Reinforcement Learning from Human Feedback (RLHF)
A training technique where human evaluators rate model outputs, and this feedback trains a reward model that guides further model optimization. RLHF is key to making models helpful, harmless, and honest.
Retrieval
The process of finding relevant documents or data from a large collection. In RAG systems, retrieval uses vector similarity search or keyword matching to find information the LLM can use.
S
Semantic Search
Search that understands meaning rather than just matching keywords. Uses embeddings to find documents that are conceptually similar to the query, even if they use different words.
Structured Output
LLM responses in a predefined format (JSON, XML, typed objects) rather than free-form text. Critical for AI agents that need machine-readable outputs to interact with external systems.
Supervised Learning
A training approach where the model learns from labeled examples — input-output pairs where the correct answer is provided. The model learns to predict the output for new, unseen inputs.
Synthetic Data
Artificially generated data used for training AI models when real data is insufficient, expensive, or privacy-sensitive. Modern AI models can generate training data for other models.
T
Temperature
A parameter that controls randomness in LLM outputs. Temperature 0 produces the most deterministic (consistent) outputs; higher temperatures increase creativity and variability. Typical range: 0-2.
Token
The basic unit of text that LLMs process. Roughly 1 token ≈ 4 characters or 0.75 words in English. Models have context window limits measured in tokens (e.g., 128K tokens). Pricing is typically per million tokens.
Tool Use
The ability of an AI agent to invoke external tools — APIs, databases, code interpreters, web browsers — to accomplish tasks. Tool use is what transforms an LLM from a text generator into an agent that can act in the real world. See also: Function Calling.
Transformer
The neural network architecture underlying all modern LLMs, introduced in the 2017 paper "Attention Is All You Need." Transformers process input in parallel using self-attention mechanisms, enabling efficient training on massive datasets.
Transfer Learning
Applying knowledge learned from one task to a different but related task. Foundation models embody transfer learning at scale — trained on general data, then adapted to specific tasks through fine-tuning or prompting.
U
Unsupervised Learning
A training approach where the model finds patterns in data without labeled examples. LLM pre-training is largely unsupervised — the model learns language patterns by predicting the next token in vast text datasets.
V
Vector Database
A database optimized for storing and searching high-dimensional vectors (embeddings). Used for semantic search, recommendation systems, and RAG implementations. Examples: Pinecone, Weaviate, Chroma, Qdrant.
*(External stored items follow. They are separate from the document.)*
(* Let $M\ge 1$ and let $dq(z)=q(z)\,dz$ be a positive Radon measure on $\mathbb{R}^M$ with density $q\ge 0$ satisfying $$\int_{|z|<1}|z|^{\gamma}\,dq(z)+\int_{|z|\ge 1}|z|^{\gamma-1}\,dq(z)<\infty$$ for $\gamma=2$ or $\gamma=1$. Assume condition (A) holds, with exponent $\alpha\in(0,2)$, set $S_0\subset S=\mathrm{supp}(dq)$ and function $q_0$ as described in the context. Then: (1) $S_0$ is a positive cone: $sS_0\subset S_0$ for all $s>0$; (2) $s^{M+\alpha}q_0(sz)=q_0(z)$ for all $s>0$ and all $z\in S_0$; (3) there is a bounded real-valued function $\overline{q}_0$ on the unit sphere of $\mathbb{R}^M$ such that $q_0(z)=|z|^{-(M+\alpha)}\,\overline{q}_0\!\left(\frac{z}{|z|}\right)$ for all $z\in\mathbb{R}^M\setminus\{0\}$.
   Context: Condition (A): there exists a constant $\alpha\in(0,2)$ and a constant $C_1>0$ (independent of $\varepsilon$) such that $\varepsilon^{M+\alpha}q(\varepsilon z)\le C_1|z|^{-(M+\alpha)}$ for all $\varepsilon\in(0,1)$ and all $z\in\mathbb{R}^M$; and there exist a subset $S_0\subset S=\mathrm{supp}(dq)$ and a positive function $q_0$ on $S_0$ such that $\lim_{\varepsilon\downarrow 0}\varepsilon^{M+\alpha}q(\varepsilon z)=q_0(z)$ for all $z\in S_0$ and $\lim_{\varepsilon\downarrow 0}\varepsilon^{M+\alpha}q(\varepsilon z)=0$ for all $z\in\mathbb{R}^M\setminus S_0$. The function $q_0$ is extended by $0$ outside $S_0$. *)

theory Defs
  imports "HOL-Analysis.Analysis"
begin

definition measure_support :: "'a::topological_space measure \<Rightarrow> 'a set" where
  "measure_support N = {x. \<forall>U. open U \<longrightarrow> x \<in> U \<longrightarrow> U \<in> sets N \<longrightarrow> emeasure N U > 0}"

end

theory Submission
  imports Defs
begin

text \<open>\<open>q\<^sub>0\<close> is the blow-up limit of \<open>\<epsilon>\<^bsup>M+\<alpha>\<^esup> q(\<epsilon> z)\<close> as \<open>\<epsilon> \<down> 0\<close>.
  Replacing \<open>z\<close> by \<open>s z\<close> merely rescales \<open>\<epsilon>\<close> by \<open>s\<close>, so the limit is homogeneous of
  degree \<open>-(M+\<alpha>)\<close>; this gives (2), and (1) because \<open>S\<^sub>0\<close> is exactly where \<open>q\<^sub>0 > 0\<close>.
  Homogeneity yields the polar form (3) with \<open>q\<^sub>0\<close> itself as angular part, which is
  bounded on the sphere by \<open>C\<^sub>1\<close> (pass to the limit in the bound of (A) at \<open>|z| = 1\<close>)
  and by \<open>0\<close> from below.\<close>

lemma blow_up_limit_homogeneous:
  fixes g L :: "'a::real_vector \<Rightarrow> real"
  assumes lim_z: "((\<lambda>\<epsilon>. \<epsilon> powr N * g (\<epsilon> *\<^sub>R z)) \<longlongrightarrow> L z) (at_right 0)"
    and lim_sz: "((\<lambda>\<epsilon>. \<epsilon> powr N * g (\<epsilon> *\<^sub>R (s *\<^sub>R z))) \<longlongrightarrow> L (s *\<^sub>R z)) (at_right 0)"
    and s: "s > 0"
  shows "s powr N * L (s *\<^sub>R z) = L z"
proof -
  have "filterlim (\<lambda>\<epsilon>. s * \<epsilon>) (at_right 0) (at_right 0)"
    using filterlim_times_pos[OF filterlim_ident s, of 0] by simp
  from filterlim_compose[OF lim_z this]
  have "((\<lambda>\<epsilon>. (s * \<epsilon>) powr N * g ((s * \<epsilon>) *\<^sub>R z)) \<longlongrightarrow> L z) (at_right 0)" .
  moreover have "(s * \<epsilon>) powr N * g ((s * \<epsilon>) *\<^sub>R z) = s powr N * (\<epsilon> powr N * g (\<epsilon> *\<^sub>R (s *\<^sub>R z)))"
    if "\<epsilon> > 0" for \<epsilon>
    using that s by (simp add: powr_mult mult.commute)
  ultimately have "((\<lambda>\<epsilon>. s powr N * (\<epsilon> powr N * g (\<epsilon> *\<^sub>R (s *\<^sub>R z)))) \<longlongrightarrow> L z) (at_right 0)"
    by (elim Lim_transform_eventually) (auto intro: eventually_mono[OF eventually_at_right_less])
  moreover have "((\<lambda>\<epsilon>. s powr N * (\<epsilon> powr N * g (\<epsilon> *\<^sub>R (s *\<^sub>R z)))) \<longlongrightarrow> s powr N * L (s *\<^sub>R z))
      (at_right 0)"
    using lim_sz by (intro tendsto_mult_left)
  ultimately show ?thesis
    using tendsto_unique[OF trivial_limit_at_right_real] by blast
qed

lemma blow_up_limit_le:
  fixes g L :: "'a::real_vector \<Rightarrow> real"
  assumes lim: "((\<lambda>\<epsilon>. \<epsilon> powr N * g (\<epsilon> *\<^sub>R z)) \<longlongrightarrow> L z) (at_right 0)"
    and bound: "\<And>\<epsilon>. 0 < \<epsilon> \<Longrightarrow> \<epsilon> < 1 \<Longrightarrow> \<epsilon> powr N * g (\<epsilon> *\<^sub>R z) \<le> C"
  shows "L z \<le> C"
proof (rule tendsto_upperbound[OF lim _ trivial_limit_at_right_real])
  show "\<forall>\<^sub>F \<epsilon> in at_right 0. \<epsilon> powr N * g (\<epsilon> *\<^sub>R z) \<le> C"
    using bound by (auto simp: eventually_at_right[of 0 1] intro!: exI[of _ 1])
qed

lemma homogeneous_polar_form:
  fixes L :: "'a::real_normed_vector \<Rightarrow> real"
  assumes hom: "\<And>s z. s > 0 \<Longrightarrow> s powr N * L (s *\<^sub>R z) = L z"
    and "z \<noteq> 0"
  shows "L z = norm z powr (- N) * L (z /\<^sub>R norm z)"
proof -
  have "norm z powr N * L z = L (z /\<^sub>R norm z)"
    using hom[of "norm z" "z /\<^sub>R norm z"] \<open>z \<noteq> 0\<close> by simp
  then show ?thesis
    using \<open>z \<noteq> 0\<close> by (simp add: powr_minus field_simps)
qed

lemma homogeneous_positive_set_scaleR:
  fixes L :: "'a::real_vector \<Rightarrow> real"
  assumes hom: "\<And>s z. s > 0 \<Longrightarrow> s powr N * L (s *\<^sub>R z) = L z"
    and s: "s > 0"
  shows "(\<lambda>z. s *\<^sub>R z) ` {z. L z > 0} \<subseteq> {z. L z > 0}"
proof clarify
  fix z assume "L z > 0"
  then have "s powr N * L (s *\<^sub>R z) > 0"
    using hom[OF s] by simp
  then show "L (s *\<^sub>R z) > 0"
    using s by (simp add: zero_less_mult_iff)
qed

theorem lemma1p1:
  fixes q q0 :: "'a::euclidean_space \<Rightarrow> real"
    and S0 :: "'a set"
    and \<alpha> C1 :: real
    and \<gamma> :: nat
  assumes q_meas: "q \<in> borel_measurable borel"
    and q_nonneg: "\<And>z. q z \<ge> 0"
    and gamma: "\<gamma> = 1 \<or> \<gamma> = 2"
    and int_small: "set_integrable lborel {z. norm z < 1} (\<lambda>z. norm z ^ \<gamma> * q z)"
    and int_large: "set_integrable lborel {z. norm z \<ge> 1} (\<lambda>z. norm z ^ (\<gamma> - 1) * q z)"
    and alpha: "0 < \<alpha>" "\<alpha> < 2"
    and C1_pos: "C1 > 0"
    and A_bound: "\<And>\<epsilon> z. 0 < \<epsilon> \<Longrightarrow> \<epsilon> < 1 \<Longrightarrow> z \<noteq> 0 \<Longrightarrow>
        \<epsilon> powr (real DIM('a) + \<alpha>) * q (\<epsilon> *\<^sub>R z) \<le> C1 * norm z powr (- (real DIM('a) + \<alpha>))"
    and S0_sub: "S0 \<subseteq> measure_support (density lborel (\<lambda>z. ennreal (q z)))"
    and q0_pos: "\<And>z. z \<in> S0 \<Longrightarrow> q0 z > 0"
    and A_lim_in: "\<And>z. z \<in> S0 \<Longrightarrow>
        ((\<lambda>\<epsilon>. \<epsilon> powr (real DIM('a) + \<alpha>) * q (\<epsilon> *\<^sub>R z)) \<longlongrightarrow> q0 z) (at_right 0)"
    and A_lim_out: "\<And>z. z \<notin> S0 \<Longrightarrow>
        ((\<lambda>\<epsilon>. \<epsilon> powr (real DIM('a) + \<alpha>) * q (\<epsilon> *\<^sub>R z)) \<longlongrightarrow> 0) (at_right 0)"
    and q0_ext: "\<And>z. z \<notin> S0 \<Longrightarrow> q0 z = 0"
  shows "(\<forall>s>0. (\<lambda>z. s *\<^sub>R z) ` S0 \<subseteq> S0)
    \<and> (\<forall>s>0. \<forall>z\<in>S0. s powr (real DIM('a) + \<alpha>) * q0 (s *\<^sub>R z) = q0 z)
    \<and> (\<exists>qb :: 'a \<Rightarrow> real. bounded (qb ` sphere 0 1) \<and>
         (\<forall>z. z \<noteq> 0 \<longrightarrow> q0 z = norm z powr (- (real DIM('a) + \<alpha>)) * qb (z /\<^sub>R norm z)))"
proof -
  define N where "N = real DIM('a) + \<alpha>"
  have lim: "((\<lambda>\<epsilon>. \<epsilon> powr N * q (\<epsilon> *\<^sub>R z)) \<longlongrightarrow> q0 z) (at_right 0)" for z
    using A_lim_in[of z] A_lim_out[of z] q0_ext[of z] unfolding N_def by (cases "z \<in> S0") auto
  have hom: "s powr N * q0 (s *\<^sub>R z) = q0 z" if "s > 0" for s z
    using blow_up_limit_homogeneous[OF lim lim that] .
  have S0_eq: "S0 = {z. q0 z > 0}"
    using q0_pos q0_ext by force
  have cone: "\<forall>s>0. (\<lambda>z. s *\<^sub>R z) ` S0 \<subseteq> S0"
    unfolding S0_eq using homogeneous_positive_set_scaleR[OF hom] by blast
  have "\<bar>q0 u\<bar> \<le> C1" if "norm u = 1" for u
  proof -
    have "u \<noteq> 0" using that by auto
    then have "q0 u \<le> C1"
      using that by (intro blow_up_limit_le[OF lim]) (use A_bound[of _ u] in \<open>simp add: N_def\<close>)
    moreover have "q0 u \<ge> 0"
      using q0_pos[of u] q0_ext[of u] by (cases "u \<in> S0") auto
    ultimately show ?thesis by simp
  qed
  then have "bounded (q0 ` sphere 0 1)"
    unfolding bounded_iff by (intro exI[of _ C1]) auto
  moreover have "q0 z = norm z powr (- N) * q0 (z /\<^sub>R norm z)" if "z \<noteq> 0" for z
    using homogeneous_polar_form[OF hom that] by blast
  ultimately show ?thesis
    using cone hom unfolding N_def by blast
qed

end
Vision-Language Model (VLM)
A multi-modal AI model that processes both images and text. VLMs can describe images, answer questions about visual content, and generate images from text descriptions.
W
Weights
The numerical parameters in a neural network that determine how input data is transformed into output. Training adjusts weights to minimize prediction errors. Model "weights" and "parameters" are often used interchangeably.
Workflow Automation
Using AI agents to automate multi-step business processes that span multiple systems. Unlike traditional automation (rigid, rule-based), AI workflow automation adapts to edge cases and handles unstructured data.
Z
Zero-Shot Learning
The ability of an AI model to perform a task it was not explicitly trained for, using only its general knowledge and the task description. Example: asking an LLM to classify sentiment without providing examples. Contrast with: Few-Shot Learning.